TASK REQUIREMENTS: Of the entries below, return only those lines from the line with "-1/4 * (\<Sum>v\<in>?L." to the line with "-1/2 * (\<Sum>v\<in>?L", exactly, both included.

DATA:
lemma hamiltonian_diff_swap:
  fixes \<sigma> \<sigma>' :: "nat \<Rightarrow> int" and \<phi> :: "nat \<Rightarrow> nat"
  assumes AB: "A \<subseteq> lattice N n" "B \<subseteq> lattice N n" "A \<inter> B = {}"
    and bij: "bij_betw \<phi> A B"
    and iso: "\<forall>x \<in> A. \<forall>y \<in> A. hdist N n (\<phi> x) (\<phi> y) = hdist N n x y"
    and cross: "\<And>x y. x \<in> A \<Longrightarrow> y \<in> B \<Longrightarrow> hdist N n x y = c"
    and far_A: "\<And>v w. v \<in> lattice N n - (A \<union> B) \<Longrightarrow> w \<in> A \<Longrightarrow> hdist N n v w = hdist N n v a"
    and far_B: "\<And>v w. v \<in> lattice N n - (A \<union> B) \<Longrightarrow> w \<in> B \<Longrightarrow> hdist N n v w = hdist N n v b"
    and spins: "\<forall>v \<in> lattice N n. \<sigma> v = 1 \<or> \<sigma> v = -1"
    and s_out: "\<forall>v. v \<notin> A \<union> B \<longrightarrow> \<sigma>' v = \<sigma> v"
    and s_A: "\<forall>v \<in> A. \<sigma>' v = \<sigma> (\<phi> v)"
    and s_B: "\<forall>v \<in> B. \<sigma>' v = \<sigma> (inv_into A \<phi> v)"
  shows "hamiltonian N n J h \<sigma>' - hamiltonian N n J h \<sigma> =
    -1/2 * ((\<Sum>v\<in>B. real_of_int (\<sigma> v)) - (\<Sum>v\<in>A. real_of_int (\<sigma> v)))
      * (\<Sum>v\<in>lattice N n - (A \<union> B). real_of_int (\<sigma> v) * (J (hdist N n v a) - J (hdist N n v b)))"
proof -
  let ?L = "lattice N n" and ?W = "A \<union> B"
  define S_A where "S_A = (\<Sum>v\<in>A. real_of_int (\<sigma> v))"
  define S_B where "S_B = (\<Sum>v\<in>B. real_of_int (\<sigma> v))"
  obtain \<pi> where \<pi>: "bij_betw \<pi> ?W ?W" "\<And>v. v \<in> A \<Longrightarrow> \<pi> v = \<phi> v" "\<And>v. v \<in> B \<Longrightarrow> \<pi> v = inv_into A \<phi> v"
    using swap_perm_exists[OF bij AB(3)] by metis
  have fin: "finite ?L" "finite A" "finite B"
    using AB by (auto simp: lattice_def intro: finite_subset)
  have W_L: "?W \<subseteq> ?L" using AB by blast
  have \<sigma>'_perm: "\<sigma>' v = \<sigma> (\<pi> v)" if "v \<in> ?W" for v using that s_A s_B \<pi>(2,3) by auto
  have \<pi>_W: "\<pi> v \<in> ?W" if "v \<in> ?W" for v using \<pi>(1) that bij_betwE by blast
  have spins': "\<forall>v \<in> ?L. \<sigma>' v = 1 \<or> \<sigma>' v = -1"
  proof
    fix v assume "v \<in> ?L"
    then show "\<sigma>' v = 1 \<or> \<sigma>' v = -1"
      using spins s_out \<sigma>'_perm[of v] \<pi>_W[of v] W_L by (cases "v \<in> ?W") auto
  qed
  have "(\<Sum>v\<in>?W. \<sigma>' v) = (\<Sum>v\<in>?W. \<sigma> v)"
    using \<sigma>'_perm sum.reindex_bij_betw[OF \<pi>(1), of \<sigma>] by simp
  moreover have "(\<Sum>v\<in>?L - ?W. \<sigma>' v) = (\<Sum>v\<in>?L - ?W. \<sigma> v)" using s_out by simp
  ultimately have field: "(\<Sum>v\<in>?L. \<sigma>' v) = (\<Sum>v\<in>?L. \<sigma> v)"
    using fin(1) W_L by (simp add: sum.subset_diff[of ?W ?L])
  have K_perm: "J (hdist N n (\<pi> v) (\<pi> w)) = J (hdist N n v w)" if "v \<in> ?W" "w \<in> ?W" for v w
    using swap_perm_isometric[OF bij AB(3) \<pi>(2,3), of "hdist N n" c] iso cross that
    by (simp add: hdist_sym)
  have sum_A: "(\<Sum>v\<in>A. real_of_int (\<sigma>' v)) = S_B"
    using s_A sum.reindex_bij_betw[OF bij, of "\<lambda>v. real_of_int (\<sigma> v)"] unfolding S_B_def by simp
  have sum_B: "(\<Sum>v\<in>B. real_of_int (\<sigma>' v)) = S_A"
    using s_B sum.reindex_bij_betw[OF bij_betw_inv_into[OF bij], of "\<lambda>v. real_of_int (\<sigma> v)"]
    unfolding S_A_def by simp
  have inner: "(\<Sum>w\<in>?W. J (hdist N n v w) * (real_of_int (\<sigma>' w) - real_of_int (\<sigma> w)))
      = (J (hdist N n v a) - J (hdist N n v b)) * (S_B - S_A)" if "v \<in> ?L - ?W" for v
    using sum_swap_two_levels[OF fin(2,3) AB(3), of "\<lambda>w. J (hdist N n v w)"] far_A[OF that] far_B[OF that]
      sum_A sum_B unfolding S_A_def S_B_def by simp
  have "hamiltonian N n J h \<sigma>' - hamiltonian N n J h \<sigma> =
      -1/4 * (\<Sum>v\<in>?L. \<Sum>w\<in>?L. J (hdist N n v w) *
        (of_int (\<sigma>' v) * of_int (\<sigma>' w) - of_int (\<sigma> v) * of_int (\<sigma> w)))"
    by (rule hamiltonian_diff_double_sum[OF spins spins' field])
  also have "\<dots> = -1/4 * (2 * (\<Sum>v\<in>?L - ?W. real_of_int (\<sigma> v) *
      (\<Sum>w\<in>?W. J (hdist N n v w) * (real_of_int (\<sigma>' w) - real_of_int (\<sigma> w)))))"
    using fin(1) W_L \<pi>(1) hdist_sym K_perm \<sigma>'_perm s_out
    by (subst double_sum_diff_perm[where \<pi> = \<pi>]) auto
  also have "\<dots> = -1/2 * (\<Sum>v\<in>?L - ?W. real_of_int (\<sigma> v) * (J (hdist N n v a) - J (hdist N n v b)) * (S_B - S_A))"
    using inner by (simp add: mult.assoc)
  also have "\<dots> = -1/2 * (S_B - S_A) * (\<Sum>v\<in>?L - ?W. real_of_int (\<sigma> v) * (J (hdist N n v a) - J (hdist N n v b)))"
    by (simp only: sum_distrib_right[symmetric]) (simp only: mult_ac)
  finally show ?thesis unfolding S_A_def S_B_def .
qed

RESPONSE AREA:
      -1/4 * (\<Sum>v\<in>?L. \<Sum>w\<in>?L. J (hdist N n v w) *
        (of_int (\<sigma>' v) * of_int (\<sigma>' w) - of_int (\<sigma> v) * of_int (\<sigma> w)))"
    by (rule hamiltonian_diff_double_sum[OF spins spins' field])
  also have "\<dots> = -1/4 * (2 * (\<Sum>v\<in>?L - ?W. real_of_int (\<sigma> v) *
      (\<Sum>w\<in>?W. J (hdist N n v w) * (real_of_int (\<sigma>' w) - real_of_int (\<sigma> w)))))"
    using fin(1) W_L \<pi>(1) hdist_sym K_perm \<sigma>'_perm s_out
    by (subst double_sum_diff_perm[where \<pi> = \<pi>]) auto
  also have "\<dots> = -1/2 * (\<Sum>v\<in>?L - ?W. real_of_int (\<sigma> v) * (J (hdist N n v a) - J (hdist N n v b)) * (S_B - S_A))"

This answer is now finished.